Recorded information below:

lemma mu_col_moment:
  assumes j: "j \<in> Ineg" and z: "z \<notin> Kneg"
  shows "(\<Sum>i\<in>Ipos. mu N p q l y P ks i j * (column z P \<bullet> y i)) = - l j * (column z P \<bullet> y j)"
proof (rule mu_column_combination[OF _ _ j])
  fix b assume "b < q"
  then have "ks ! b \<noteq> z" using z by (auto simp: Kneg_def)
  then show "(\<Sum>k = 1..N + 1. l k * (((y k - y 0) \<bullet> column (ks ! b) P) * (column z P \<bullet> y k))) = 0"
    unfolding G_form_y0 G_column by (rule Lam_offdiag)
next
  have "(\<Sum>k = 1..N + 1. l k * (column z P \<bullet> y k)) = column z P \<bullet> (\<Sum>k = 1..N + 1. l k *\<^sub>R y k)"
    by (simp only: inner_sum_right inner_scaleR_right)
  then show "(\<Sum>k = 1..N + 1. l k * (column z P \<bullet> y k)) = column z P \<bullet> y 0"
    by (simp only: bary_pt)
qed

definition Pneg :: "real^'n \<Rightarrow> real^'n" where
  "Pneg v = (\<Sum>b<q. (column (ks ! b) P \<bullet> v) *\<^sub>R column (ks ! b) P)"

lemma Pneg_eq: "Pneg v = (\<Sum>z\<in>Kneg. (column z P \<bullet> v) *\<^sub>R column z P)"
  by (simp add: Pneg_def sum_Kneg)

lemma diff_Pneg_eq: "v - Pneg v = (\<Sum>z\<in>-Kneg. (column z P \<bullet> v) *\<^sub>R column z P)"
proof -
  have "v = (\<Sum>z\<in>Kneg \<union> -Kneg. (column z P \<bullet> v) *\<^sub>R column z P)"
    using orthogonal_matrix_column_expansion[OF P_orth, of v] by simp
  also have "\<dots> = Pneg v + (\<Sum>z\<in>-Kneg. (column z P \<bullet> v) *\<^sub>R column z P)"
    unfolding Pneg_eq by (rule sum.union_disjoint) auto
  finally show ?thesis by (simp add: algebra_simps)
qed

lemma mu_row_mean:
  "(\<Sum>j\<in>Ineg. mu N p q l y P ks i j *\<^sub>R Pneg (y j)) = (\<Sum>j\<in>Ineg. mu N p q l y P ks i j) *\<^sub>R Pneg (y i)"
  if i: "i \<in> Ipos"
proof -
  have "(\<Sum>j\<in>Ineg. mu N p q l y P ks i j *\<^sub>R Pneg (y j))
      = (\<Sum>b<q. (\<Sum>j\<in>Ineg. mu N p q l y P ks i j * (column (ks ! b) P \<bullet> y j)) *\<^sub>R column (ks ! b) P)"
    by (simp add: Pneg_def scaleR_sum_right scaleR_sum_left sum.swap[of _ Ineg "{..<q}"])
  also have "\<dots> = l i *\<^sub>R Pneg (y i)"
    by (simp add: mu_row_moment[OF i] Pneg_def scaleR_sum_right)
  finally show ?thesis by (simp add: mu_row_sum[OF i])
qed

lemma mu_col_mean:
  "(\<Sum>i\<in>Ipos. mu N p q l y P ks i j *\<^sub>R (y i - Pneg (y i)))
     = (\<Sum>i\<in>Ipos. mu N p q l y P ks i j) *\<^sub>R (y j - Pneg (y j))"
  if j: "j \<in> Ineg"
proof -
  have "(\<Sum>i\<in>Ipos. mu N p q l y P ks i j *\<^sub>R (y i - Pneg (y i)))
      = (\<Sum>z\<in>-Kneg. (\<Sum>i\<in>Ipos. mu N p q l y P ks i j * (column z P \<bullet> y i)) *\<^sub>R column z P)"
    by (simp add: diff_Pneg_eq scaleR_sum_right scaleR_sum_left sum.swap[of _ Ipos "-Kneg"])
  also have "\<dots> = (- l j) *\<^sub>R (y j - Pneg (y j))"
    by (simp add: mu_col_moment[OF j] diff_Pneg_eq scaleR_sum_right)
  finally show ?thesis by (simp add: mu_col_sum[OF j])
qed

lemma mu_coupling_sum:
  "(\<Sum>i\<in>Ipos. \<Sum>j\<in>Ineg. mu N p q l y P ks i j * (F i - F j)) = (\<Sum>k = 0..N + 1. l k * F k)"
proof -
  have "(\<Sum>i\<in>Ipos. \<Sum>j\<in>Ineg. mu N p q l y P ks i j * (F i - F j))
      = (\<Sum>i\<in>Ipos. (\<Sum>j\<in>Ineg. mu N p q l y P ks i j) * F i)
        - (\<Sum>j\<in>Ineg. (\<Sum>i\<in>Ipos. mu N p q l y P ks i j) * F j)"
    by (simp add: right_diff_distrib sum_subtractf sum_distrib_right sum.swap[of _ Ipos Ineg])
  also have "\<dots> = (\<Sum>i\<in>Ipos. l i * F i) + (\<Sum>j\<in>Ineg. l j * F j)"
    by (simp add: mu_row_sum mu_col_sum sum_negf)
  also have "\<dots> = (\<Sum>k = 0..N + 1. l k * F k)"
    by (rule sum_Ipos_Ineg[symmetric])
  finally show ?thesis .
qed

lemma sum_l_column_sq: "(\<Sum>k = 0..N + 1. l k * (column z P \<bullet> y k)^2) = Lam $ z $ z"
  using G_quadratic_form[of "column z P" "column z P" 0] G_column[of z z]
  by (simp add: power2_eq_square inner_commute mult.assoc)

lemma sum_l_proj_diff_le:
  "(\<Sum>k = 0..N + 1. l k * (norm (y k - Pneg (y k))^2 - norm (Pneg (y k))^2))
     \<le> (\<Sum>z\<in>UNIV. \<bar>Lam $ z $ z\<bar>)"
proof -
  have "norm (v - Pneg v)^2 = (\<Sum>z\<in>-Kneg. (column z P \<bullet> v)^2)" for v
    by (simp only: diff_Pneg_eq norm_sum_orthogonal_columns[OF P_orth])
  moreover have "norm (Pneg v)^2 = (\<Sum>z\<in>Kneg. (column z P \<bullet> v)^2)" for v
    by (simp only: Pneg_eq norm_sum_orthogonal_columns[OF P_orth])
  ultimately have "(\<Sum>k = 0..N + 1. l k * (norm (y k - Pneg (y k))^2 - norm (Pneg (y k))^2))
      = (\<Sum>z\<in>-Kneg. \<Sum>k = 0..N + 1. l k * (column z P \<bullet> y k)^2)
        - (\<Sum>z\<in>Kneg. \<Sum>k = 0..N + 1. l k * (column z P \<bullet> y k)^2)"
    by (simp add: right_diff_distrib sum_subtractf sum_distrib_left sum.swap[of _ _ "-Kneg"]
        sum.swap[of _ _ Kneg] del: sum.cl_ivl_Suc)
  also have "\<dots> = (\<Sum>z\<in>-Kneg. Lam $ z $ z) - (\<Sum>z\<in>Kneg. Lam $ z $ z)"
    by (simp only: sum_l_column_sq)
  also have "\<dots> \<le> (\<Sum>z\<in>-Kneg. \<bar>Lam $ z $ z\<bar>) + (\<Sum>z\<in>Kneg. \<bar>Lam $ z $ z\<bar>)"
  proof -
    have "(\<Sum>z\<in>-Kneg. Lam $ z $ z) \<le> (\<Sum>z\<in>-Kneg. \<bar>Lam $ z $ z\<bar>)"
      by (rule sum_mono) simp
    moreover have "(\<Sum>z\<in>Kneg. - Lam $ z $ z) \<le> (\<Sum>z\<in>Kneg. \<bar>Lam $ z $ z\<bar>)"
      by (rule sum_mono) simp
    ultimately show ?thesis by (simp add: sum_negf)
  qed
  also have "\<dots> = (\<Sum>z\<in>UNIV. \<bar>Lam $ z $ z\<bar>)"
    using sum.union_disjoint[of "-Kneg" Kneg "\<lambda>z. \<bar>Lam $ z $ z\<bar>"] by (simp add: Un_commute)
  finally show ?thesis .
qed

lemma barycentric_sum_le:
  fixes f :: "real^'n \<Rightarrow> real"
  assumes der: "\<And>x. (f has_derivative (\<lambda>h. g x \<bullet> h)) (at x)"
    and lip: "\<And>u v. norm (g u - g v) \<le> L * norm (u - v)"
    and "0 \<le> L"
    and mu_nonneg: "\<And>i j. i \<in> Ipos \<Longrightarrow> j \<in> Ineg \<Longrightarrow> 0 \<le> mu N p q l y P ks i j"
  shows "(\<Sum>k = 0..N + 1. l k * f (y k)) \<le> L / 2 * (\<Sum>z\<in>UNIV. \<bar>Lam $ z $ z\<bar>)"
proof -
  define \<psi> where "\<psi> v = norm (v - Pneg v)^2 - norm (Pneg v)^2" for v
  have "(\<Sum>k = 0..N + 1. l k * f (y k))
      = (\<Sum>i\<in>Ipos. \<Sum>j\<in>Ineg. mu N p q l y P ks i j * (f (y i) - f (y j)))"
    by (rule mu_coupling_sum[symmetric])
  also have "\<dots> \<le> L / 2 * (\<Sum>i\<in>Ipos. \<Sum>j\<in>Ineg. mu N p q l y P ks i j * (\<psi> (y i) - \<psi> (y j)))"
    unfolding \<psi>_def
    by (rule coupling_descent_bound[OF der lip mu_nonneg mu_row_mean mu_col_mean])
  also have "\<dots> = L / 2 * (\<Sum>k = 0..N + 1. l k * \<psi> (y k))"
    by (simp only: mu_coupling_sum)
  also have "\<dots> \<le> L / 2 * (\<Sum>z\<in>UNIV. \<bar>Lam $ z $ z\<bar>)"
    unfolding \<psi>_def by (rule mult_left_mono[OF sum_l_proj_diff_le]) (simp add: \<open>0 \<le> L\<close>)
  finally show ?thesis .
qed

End of Recorded information.
Recorded information below:

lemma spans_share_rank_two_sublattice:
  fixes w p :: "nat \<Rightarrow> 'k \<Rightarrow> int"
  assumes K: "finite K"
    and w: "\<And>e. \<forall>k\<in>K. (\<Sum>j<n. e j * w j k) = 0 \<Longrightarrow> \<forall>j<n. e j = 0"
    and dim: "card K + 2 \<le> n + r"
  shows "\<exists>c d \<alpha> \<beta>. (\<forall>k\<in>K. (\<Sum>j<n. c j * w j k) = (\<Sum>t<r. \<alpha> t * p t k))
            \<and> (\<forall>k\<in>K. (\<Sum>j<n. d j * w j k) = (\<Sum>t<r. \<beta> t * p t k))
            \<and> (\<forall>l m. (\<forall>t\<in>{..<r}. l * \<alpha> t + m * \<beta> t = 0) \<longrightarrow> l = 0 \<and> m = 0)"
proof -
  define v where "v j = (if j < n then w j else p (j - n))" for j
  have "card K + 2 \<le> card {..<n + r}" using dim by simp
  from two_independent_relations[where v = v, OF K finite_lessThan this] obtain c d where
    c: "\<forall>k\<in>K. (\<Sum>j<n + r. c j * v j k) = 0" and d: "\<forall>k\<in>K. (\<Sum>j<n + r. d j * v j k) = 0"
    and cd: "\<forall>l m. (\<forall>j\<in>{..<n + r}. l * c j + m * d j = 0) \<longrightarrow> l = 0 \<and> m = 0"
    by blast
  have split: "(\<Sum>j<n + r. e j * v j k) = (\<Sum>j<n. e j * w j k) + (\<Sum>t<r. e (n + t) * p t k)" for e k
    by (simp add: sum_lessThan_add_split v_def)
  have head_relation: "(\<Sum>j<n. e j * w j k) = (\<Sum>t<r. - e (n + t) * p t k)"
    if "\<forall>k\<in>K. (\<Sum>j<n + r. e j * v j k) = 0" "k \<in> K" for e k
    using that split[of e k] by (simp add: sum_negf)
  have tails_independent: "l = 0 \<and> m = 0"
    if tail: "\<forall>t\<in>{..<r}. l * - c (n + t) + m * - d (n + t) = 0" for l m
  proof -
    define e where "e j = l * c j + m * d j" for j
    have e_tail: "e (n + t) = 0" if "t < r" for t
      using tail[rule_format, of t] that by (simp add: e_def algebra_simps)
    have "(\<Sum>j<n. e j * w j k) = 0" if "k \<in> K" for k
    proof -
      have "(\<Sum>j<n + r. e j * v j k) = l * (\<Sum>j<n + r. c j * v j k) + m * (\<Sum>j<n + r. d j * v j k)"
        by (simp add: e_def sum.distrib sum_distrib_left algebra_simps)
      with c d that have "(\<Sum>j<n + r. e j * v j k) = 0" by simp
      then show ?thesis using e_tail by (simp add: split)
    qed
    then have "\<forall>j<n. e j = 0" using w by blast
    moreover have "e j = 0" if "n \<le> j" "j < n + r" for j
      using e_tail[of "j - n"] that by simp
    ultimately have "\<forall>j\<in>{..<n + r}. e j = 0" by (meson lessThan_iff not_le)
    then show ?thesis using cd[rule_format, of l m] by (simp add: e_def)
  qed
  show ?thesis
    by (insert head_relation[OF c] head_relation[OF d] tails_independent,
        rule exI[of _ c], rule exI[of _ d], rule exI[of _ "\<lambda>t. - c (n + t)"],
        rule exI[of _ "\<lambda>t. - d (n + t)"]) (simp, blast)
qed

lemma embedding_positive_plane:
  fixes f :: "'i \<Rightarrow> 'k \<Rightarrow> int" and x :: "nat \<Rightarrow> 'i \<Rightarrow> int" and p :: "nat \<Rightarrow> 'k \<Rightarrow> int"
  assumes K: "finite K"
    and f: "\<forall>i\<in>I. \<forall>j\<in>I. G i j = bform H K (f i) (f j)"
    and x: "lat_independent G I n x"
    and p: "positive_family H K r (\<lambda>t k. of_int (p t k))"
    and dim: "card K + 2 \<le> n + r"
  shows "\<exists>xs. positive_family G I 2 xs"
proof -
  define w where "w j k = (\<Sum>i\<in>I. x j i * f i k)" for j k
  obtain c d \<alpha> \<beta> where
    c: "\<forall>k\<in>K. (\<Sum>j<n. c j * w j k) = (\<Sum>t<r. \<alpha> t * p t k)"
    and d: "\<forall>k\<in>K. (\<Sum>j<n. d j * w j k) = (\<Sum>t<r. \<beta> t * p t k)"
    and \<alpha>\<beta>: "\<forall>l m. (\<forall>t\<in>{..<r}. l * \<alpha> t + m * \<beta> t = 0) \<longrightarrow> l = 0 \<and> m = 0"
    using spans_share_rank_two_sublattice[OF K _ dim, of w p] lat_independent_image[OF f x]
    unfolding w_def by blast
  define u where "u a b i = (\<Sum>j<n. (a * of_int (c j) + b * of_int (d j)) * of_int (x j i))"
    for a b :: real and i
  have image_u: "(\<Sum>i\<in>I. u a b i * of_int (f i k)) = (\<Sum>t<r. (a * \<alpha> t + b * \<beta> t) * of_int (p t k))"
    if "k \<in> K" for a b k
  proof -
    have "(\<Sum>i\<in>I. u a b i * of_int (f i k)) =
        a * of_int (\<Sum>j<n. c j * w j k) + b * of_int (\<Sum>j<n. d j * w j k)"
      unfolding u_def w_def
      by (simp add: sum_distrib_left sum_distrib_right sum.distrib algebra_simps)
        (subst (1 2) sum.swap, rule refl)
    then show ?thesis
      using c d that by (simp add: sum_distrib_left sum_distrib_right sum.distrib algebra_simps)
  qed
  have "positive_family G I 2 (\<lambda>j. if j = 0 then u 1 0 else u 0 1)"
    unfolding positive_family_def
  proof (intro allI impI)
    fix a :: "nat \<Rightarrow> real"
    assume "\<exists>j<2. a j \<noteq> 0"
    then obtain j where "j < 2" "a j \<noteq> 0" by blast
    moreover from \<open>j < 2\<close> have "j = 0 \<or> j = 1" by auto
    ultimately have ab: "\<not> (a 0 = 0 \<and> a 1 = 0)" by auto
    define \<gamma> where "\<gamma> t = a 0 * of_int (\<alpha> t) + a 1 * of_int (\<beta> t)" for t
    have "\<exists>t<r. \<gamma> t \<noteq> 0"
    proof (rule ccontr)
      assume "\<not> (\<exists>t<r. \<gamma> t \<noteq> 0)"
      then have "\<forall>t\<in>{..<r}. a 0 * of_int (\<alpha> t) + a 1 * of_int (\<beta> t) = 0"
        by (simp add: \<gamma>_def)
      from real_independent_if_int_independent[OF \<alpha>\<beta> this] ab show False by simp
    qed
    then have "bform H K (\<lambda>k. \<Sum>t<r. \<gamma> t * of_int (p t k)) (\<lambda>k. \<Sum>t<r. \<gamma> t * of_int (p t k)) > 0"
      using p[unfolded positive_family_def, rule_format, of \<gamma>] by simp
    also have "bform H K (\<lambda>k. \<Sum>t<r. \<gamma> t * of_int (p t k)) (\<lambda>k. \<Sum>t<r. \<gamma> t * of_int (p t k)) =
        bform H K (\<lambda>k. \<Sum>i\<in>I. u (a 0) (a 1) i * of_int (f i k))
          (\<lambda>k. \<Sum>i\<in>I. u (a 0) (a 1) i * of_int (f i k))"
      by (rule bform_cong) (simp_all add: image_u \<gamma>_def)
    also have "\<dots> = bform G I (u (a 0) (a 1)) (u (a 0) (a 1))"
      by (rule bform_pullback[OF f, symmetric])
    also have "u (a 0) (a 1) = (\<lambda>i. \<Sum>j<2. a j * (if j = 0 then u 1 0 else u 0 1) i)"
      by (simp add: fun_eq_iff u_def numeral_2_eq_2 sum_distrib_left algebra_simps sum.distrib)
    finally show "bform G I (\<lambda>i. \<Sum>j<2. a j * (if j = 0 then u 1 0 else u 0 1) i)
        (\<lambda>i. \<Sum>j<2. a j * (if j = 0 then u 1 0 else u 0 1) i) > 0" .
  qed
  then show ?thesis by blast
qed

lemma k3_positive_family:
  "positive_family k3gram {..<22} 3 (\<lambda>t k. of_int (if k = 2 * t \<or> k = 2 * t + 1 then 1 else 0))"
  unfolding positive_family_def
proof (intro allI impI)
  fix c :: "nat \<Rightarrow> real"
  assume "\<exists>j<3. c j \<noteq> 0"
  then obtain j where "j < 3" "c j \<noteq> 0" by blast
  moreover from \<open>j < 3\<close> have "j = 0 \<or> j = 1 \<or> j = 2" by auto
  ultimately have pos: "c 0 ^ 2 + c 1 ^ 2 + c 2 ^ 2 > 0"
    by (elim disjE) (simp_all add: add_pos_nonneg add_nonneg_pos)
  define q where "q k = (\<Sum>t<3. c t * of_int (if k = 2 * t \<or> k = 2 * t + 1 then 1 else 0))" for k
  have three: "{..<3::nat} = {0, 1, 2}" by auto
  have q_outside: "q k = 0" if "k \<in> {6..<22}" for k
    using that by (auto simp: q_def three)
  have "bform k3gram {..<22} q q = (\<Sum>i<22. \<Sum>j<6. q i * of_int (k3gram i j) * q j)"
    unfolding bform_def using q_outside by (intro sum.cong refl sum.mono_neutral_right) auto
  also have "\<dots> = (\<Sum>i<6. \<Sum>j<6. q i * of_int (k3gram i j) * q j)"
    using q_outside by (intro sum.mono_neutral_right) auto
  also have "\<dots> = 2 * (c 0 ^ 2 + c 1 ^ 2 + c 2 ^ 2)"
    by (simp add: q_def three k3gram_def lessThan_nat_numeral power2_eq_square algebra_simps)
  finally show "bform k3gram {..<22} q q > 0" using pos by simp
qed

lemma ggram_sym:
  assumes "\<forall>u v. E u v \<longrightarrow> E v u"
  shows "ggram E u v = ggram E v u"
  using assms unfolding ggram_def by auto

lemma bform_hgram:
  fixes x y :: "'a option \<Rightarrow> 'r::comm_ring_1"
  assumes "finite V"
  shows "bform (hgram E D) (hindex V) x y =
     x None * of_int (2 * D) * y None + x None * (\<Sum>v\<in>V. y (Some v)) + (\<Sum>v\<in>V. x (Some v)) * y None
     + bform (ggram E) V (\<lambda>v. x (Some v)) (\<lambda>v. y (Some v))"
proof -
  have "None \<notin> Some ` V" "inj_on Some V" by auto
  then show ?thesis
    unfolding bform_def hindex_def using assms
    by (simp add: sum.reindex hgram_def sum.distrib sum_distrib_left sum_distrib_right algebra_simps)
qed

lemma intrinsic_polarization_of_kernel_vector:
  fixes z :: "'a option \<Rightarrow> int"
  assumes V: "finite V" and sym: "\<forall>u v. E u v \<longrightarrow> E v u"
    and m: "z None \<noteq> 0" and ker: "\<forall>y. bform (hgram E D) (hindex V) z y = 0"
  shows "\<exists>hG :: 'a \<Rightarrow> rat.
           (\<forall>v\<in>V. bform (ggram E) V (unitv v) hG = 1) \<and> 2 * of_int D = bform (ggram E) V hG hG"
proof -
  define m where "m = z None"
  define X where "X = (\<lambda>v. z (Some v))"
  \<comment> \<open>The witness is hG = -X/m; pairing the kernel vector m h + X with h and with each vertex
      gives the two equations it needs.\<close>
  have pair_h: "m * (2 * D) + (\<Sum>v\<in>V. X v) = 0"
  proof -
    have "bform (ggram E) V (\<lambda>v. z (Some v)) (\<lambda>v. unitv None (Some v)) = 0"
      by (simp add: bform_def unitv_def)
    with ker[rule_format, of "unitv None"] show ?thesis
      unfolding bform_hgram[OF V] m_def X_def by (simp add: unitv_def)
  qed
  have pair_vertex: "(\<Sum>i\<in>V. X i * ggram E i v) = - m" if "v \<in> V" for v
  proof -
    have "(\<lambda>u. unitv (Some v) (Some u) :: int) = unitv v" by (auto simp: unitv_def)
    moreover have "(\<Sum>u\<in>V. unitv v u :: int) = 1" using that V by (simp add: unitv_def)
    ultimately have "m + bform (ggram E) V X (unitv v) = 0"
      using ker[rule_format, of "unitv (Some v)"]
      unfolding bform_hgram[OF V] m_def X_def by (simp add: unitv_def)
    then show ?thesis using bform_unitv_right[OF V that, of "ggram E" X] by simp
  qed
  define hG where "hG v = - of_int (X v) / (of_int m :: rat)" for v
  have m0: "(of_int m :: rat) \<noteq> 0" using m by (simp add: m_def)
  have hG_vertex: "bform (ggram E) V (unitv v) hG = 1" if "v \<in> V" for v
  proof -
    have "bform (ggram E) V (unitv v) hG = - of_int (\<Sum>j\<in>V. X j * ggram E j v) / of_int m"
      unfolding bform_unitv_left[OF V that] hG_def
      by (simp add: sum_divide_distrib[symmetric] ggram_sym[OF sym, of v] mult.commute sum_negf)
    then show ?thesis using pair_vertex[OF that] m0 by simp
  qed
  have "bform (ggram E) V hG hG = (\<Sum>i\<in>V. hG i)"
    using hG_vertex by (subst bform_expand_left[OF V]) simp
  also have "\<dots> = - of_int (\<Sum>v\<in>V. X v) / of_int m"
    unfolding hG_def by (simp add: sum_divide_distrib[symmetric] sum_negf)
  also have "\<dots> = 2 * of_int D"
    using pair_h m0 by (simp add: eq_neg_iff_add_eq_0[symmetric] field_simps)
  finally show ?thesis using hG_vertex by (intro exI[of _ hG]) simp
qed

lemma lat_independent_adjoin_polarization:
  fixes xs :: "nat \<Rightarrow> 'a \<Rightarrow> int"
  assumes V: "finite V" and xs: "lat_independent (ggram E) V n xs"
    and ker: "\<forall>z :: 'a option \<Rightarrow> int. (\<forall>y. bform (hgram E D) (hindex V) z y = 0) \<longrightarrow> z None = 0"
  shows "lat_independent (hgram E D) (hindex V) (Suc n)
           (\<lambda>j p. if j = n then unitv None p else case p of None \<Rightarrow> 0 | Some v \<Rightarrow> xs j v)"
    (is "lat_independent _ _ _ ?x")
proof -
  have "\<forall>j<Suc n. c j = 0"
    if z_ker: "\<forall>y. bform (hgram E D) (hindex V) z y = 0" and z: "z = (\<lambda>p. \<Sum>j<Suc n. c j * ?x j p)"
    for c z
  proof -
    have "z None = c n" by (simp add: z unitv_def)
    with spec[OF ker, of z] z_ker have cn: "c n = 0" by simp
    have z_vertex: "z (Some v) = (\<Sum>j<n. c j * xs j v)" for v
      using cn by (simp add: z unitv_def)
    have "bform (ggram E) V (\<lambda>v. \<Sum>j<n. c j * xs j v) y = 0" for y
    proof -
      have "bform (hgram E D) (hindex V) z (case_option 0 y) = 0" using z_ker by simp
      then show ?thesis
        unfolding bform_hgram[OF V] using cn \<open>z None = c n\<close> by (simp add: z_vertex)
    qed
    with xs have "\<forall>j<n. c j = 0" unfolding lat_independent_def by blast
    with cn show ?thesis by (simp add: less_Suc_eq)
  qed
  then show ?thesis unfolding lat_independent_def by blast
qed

End of Recorded information.
Recorded information below:

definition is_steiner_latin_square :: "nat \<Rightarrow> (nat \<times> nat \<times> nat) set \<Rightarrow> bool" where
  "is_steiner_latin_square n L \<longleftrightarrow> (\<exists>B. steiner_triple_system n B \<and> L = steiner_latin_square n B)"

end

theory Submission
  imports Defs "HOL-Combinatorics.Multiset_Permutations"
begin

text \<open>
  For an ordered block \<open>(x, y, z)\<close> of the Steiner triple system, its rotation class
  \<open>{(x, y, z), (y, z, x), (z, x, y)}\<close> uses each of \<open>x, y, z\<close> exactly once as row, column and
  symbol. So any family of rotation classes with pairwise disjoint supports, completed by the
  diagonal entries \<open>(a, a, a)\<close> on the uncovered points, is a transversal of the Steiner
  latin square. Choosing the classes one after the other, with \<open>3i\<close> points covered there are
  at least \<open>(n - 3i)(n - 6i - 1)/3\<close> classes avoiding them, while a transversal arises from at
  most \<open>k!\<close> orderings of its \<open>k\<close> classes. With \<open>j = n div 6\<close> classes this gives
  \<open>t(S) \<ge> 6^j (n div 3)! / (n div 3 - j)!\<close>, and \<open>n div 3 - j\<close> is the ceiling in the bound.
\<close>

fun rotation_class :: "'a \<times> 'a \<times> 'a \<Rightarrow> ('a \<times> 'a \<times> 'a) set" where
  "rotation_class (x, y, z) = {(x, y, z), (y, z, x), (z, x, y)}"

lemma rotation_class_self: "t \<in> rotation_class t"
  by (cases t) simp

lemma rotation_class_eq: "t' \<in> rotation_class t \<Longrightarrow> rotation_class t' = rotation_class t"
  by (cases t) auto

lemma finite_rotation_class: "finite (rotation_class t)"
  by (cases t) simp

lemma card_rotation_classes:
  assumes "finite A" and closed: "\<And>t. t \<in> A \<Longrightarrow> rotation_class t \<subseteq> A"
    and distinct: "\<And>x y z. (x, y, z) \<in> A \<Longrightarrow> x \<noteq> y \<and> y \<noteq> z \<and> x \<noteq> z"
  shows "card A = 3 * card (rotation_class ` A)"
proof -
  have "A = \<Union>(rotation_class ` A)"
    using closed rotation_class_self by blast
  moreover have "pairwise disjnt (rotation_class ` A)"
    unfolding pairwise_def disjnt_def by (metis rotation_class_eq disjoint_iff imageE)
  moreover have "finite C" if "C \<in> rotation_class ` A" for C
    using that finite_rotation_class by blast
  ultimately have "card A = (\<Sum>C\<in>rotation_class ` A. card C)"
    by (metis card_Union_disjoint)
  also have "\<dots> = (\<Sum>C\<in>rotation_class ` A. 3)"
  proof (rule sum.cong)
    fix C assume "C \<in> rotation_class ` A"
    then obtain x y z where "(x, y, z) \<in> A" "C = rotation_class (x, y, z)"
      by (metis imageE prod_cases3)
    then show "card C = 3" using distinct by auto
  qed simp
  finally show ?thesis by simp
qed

End of Recorded information.

• **Task description**: Look through the data above. Find each line with the string "notin" and copy it.

• **Answer to this exercise**:
  assumes j: "j \<in> Ineg" and z: "z \<notin> Kneg"
  have "None \<notin> Some ` V" "inj_on Some V" by auto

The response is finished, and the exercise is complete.